#### [WORK TO COMPLETE]
Below are some records. Print all of them exactly as they appear.

#### [LISTED RECORDS]
(* Let $F$ be defined by the formula $F(x)=\beta_{i_1,1}+\sum_{k=2}^{\infty}\Big[\tilde\beta_{i_k,k}\prod_{j=1}^{k-1}\tilde p_{i_j,j}\Big]$ for $x=\Delta^{-\tilde Q}_{i_1i_2\dots i_n\dots}\in[0,1]$. Then $F$ is correctly defined at every point of $[0,1]$: for every nega-$\tilde Q$-representation of $x$ the series converges, and for every nega-$\tilde Q$-rational $x$ its two different nega-$\tilde Q$-representations give the same value of the series.
   Context: Let $(m_n)_{n\ge1}$ be a sequence of finite nonnegative integers and $\tilde Q=\|q_{i,n}\|$ ($n\in\mathbb N$, $i\in\{0,1,\dots,m_n\}$) a matrix with $q_{i,n}>0$, $\sum_{i=0}^{m_n}q_{i,n}=1$ for all $n$, and $\prod_{n=1}^\infty q_{i_n,n}=0$ for every sequence $(i_n)$ with $i_n\in\{0,\dots,m_n\}$. Put $a_{0,n}=0$, $a_{i,n}=\sum_{l=0}^{i-1}q_{l,n}$ for $i\ge1$, and for digit sequences $\Delta^{\tilde Q}_{j_1j_2\dots}=a_{j_1,1}+\sum_{n\ge2}a_{j_n,n}\prod_{l=1}^{n-1}q_{j_l,l}$. For odd $n$ set $\tilde q_{i,n}=q_{i,n}$, $\tilde a_{i,n}=a_{i,n}$; for even $n$ set $\tilde q_{i,n}=q_{m_n-i,n}$, $\tilde a_{i,n}=a_{m_n-i,n}$. The nega-$\tilde Q$-representation $x=\Delta^{-\tilde Q}_{i_1i_2\dots}$ ($i_n\in\{0,\dots,m_n\}$) means $x=\Delta^{\tilde Q}_{i_1[m_2-i_2]i_3[m_4-i_4]\dots}=a_{i_1,1}+\sum_{n\ge2}\tilde a_{i_n,n}\prod_{j=1}^{n-1}\tilde q_{i_j,j}$. Every $x\in[0,1]$ has such a representation; the numbers $\Delta^{-\tilde Q}_{i_1\dots i_{n-1}i_nm_{n+1}0m_{n+3}0m_{n+5}\dots}=\Delta^{-\tilde Q}_{i_1\dots i_{n-1}[i_n-1]0m_{n+2}0m_{n+4}\dots}$ ($i_n\neq0$) have exactly two representations and are called nega-$\tilde Q$-rational; the others have one and are called nega-$\tilde Q$-irrational. Let $P=\|p_{i,n}\|$ be a matrix of the same shape with $p_{i,n}\in(-1,1)$, $\sum_{i=0}^{m_n}p_{i,n}=1$ for all $n$, $\prod_{n=1}^\infty|p_{i_n,n}|=0$ for every digit sequence $(i_n)$, and $0<\sum_{i=0}^{c-1}p_{i,n}<1$ for all $n$ and $c\in\{1,\dots,m_n\}$. Put $\beta_{0,n}=0$, $\beta_{c,n}=\sum_{i=0}^{c-1}p_{i,n}$ for $c\ge1$; for odd $n$ let $\tilde p_{i,n}=p_{i,n}$, $\tilde\beta_{i,n}=\beta_{i,n}$, for even $n$ let $\tilde p_{i,n}=p_{m_n-i,n}$, $\tilde\beta_{i,n}=\beta_{m_n-i,n}$. *)

theory Defs
  imports Complex_Main
begin

text \<open>Matrices are functions of (digit i, column n); columns are indexed from n = 1.\<close>

definition valid_digits :: "(nat \<Rightarrow> nat) \<Rightarrow> (nat \<Rightarrow> nat) \<Rightarrow> bool" where
  "valid_digits m d \<longleftrightarrow> (\<forall>n\<ge>1. d n \<le> m n)"

text \<open>Cumulative sums: a_{i,n} = sum_{l<i} q_{l,n} (so a_{0,n} = 0); likewise beta.\<close>
definition cum :: "(nat \<Rightarrow> nat \<Rightarrow> real) \<Rightarrow> nat \<Rightarrow> nat \<Rightarrow> real" where
  "cum q i n = (\<Sum>l<i. q l n)"

definition tld :: "(nat \<Rightarrow> nat) \<Rightarrow> (nat \<Rightarrow> nat \<Rightarrow> real) \<Rightarrow> nat \<Rightarrow> nat \<Rightarrow> real" where
  "tld m f i n = (if odd n then f i n else f (m n - i) n)"

definition nega_term :: "(nat \<Rightarrow> nat) \<Rightarrow> (nat \<Rightarrow> nat \<Rightarrow> real) \<Rightarrow> (nat \<Rightarrow> nat) \<Rightarrow> nat \<Rightarrow> real" where
  "nega_term m q d n = tld m (cum q) (d n) n * (\<Prod>j\<in>{1..<n}. tld m q (d j) j)"

definition nega_val :: "(nat \<Rightarrow> nat) \<Rightarrow> (nat \<Rightarrow> nat \<Rightarrow> real) \<Rightarrow> (nat \<Rightarrow> nat) \<Rightarrow> real" where
  "nega_val m q d = (\<Sum>k. nega_term m q d (Suc k))"

end

theory Submission
  imports Defs
begin

text \<open>Reversing the digits at even positions turns the nega-\<open>Q\<close> representation into an
  ordinary \<open>Q\<close>-representation, and \<open>F\<close> into the ordinary \<open>P\<close>-series of the same digits.
  A block of terms starting at position \<open>b + 1\<close> equals the prefix product up to \<open>b\<close> times a
  number in \<open>[0,1]\<close>, because all partial column sums of \<open>P\<close> lie in \<open>[0,1]\<close>; so the series
  is Cauchy once the prefix products tend to 0. If two digit sequences have the same
  \<open>Q\<close>-value and first differ at position \<open>b + 1\<close>, positivity of \<open>q\<close> squeezes the tails:
  the two digits there differ by one, the smaller sequence continues with maximal digits and
  the other with zeros. For such a pair the \<open>P\<close>-partial sums differ by exactly the
  \<open>P\<close>-prefix product of the first sequence, which tends to 0.\<close>

definition rep_prod :: "(nat \<Rightarrow> nat \<Rightarrow> real) \<Rightarrow> (nat \<Rightarrow> nat) \<Rightarrow> nat \<Rightarrow> real" where
  "rep_prod r e n = (\<Prod>j\<in>{1..<n}. r (e j) j)"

#### [SOLUTION FOR THIS TASK]
(* Let $F$ be defined by the formula $F(x)=\beta_{i_1,1}+\sum_{k=2}^{\infty}\Big[\tilde\beta_{i_k,k}\prod_{j=1}^{k-1}\tilde p_{i_j,j}\Big]$ for $x=\Delta^{-\tilde Q}_{i_1i_2\dots i_n\dots}\in[0,1]$. Then $F$ is correctly defined at every point of $[0,1]$: for every nega-$\tilde Q$-representation of $x$ the series converges, and for every nega-$\tilde Q$-rational $x$ its two different nega-$\tilde Q$-representations give the same value of the series.
   Context: Let $(m_n)_{n\ge1}$ be a sequence of finite nonnegative integers and $\tilde Q=\|q_{i,n}\|$ ($n\in\mathbb N$, $i\in\{0,1,\dots,m_n\}$) a matrix with $q_{i,n}>0$, $\sum_{i=0}^{m_n}q_{i,n}=1$ for all $n$, and $\prod_{n=1}^\infty q_{i_n,n}=0$ for every sequence $(i_n)$ with $i_n\in\{0,\dots,m_n\}$. Put $a_{0,n}=0$, $a_{i,n}=\sum_{l=0}^{i-1}q_{l,n}$ for $i\ge1$, and for digit sequences $\Delta^{\tilde Q}_{j_1j_2\dots}=a_{j_1,1}+\sum_{n\ge2}a_{j_n,n}\prod_{l=1}^{n-1}q_{j_l,l}$. For odd $n$ set $\tilde q_{i,n}=q_{i,n}$, $\tilde a_{i,n}=a_{i,n}$; for even $n$ set $\tilde q_{i,n}=q_{m_n-i,n}$, $\tilde a_{i,n}=a_{m_n-i,n}$. The nega-$\tilde Q$-representation $x=\Delta^{-\tilde Q}_{i_1i_2\dots}$ ($i_n\in\{0,\dots,m_n\}$) means $x=\Delta^{\tilde Q}_{i_1[m_2-i_2]i_3[m_4-i_4]\dots}=a_{i_1,1}+\sum_{n\ge2}\tilde a_{i_n,n}\prod_{j=1}^{n-1}\tilde q_{i_j,j}$. Every $x\in[0,1]$ has such a representation; the numbers $\Delta^{-\tilde Q}_{i_1\dots i_{n-1}i_nm_{n+1}0m_{n+3}0m_{n+5}\dots}=\Delta^{-\tilde Q}_{i_1\dots i_{n-1}[i_n-1]0m_{n+2}0m_{n+4}\dots}$ ($i_n\neq0$) have exactly two representations and are called nega-$\tilde Q$-rational; the others have one and are called nega-$\tilde Q$-irrational. Let $P=\|p_{i,n}\|$ be a matrix of the same shape with $p_{i,n}\in(-1,1)$, $\sum_{i=0}^{m_n}p_{i,n}=1$ for all $n$, $\prod_{n=1}^\infty|p_{i_n,n}|=0$ for every digit sequence $(i_n)$, and $0<\sum_{i=0}^{c-1}p_{i,n}<1$ for all $n$ and $c\in\{1,\dots,m_n\}$. Put $\beta_{0,n}=0$, $\beta_{c,n}=\sum_{i=0}^{c-1}p_{i,n}$ for $c\ge1$; for odd $n$ let $\tilde p_{i,n}=p_{i,n}$, $\tilde\beta_{i,n}=\beta_{i,n}$, for even $n$ let $\tilde p_{i,n}=p_{m_n-i,n}$, $\tilde\beta_{i,n}=\beta_{m_n-i,n}$. *)

theory Defs
  imports Complex_Main
begin

text \<open>Matrices are functions of (digit i, column n); columns are indexed from n = 1.\<close>

definition valid_digits :: "(nat \<Rightarrow> nat) \<Rightarrow> (nat \<Rightarrow> nat) \<Rightarrow> bool" where
  "valid_digits m d \<longleftrightarrow> (\<forall>n\<ge>1. d n \<le> m n)"

text \<open>Cumulative sums: a_{i,n} = sum_{l<i} q_{l,n} (so a_{0,n} = 0); likewise beta.\<close>
definition cum :: "(nat \<Rightarrow> nat \<Rightarrow> real) \<Rightarrow> nat \<Rightarrow> nat \<Rightarrow> real" where
  "cum q i n = (\<Sum>l<i. q l n)"

definition tld :: "(nat \<Rightarrow> nat) \<Rightarrow> (nat \<Rightarrow> nat \<Rightarrow> real) \<Rightarrow> nat \<Rightarrow> nat \<Rightarrow> real" where
  "tld m f i n = (if odd n then f i n else f (m n - i) n)"

definition nega_term :: "(nat \<Rightarrow> nat) \<Rightarrow> (nat \<Rightarrow> nat \<Rightarrow> real) \<Rightarrow> (nat \<Rightarrow> nat) \<Rightarrow> nat \<Rightarrow> real" where
  "nega_term m q d n = tld m (cum q) (d n) n * (\<Prod>j\<in>{1..<n}. tld m q (d j) j)"

definition nega_val :: "(nat \<Rightarrow> nat) \<Rightarrow> (nat \<Rightarrow> nat \<Rightarrow> real) \<Rightarrow> (nat \<Rightarrow> nat) \<Rightarrow> real" where
  "nega_val m q d = (\<Sum>k. nega_term m q d (Suc k))"

end

theory Submission
  imports Defs
begin

text \<open>Reversing the digits at even positions turns the nega-\<open>Q\<close> representation into an
  ordinary \<open>Q\<close>-representation, and \<open>F\<close> into the ordinary \<open>P\<close>-series of the same digits.
  A block of terms starting at position \<open>b + 1\<close> equals the prefix product up to \<open>b\<close> times a
  number in \<open>[0,1]\<close>, because all partial column sums of \<open>P\<close> lie in \<open>[0,1]\<close>; so the series
  is Cauchy once the prefix products tend to 0. If two digit sequences have the same
  \<open>Q\<close>-value and first differ at position \<open>b + 1\<close>, positivity of \<open>q\<close> squeezes the tails:
  the two digits there differ by one, the smaller sequence continues with maximal digits and
  the other with zeros. For such a pair the \<open>P\<close>-partial sums differ by exactly the
  \<open>P\<close>-prefix product of the first sequence, which tends to 0.\<close>

definition rep_prod :: "(nat \<Rightarrow> nat \<Rightarrow> real) \<Rightarrow> (nat \<Rightarrow> nat) \<Rightarrow> nat \<Rightarrow> real" where
  "rep_prod r e n = (\<Prod>j\<in>{1..<n}. r (e j) j)"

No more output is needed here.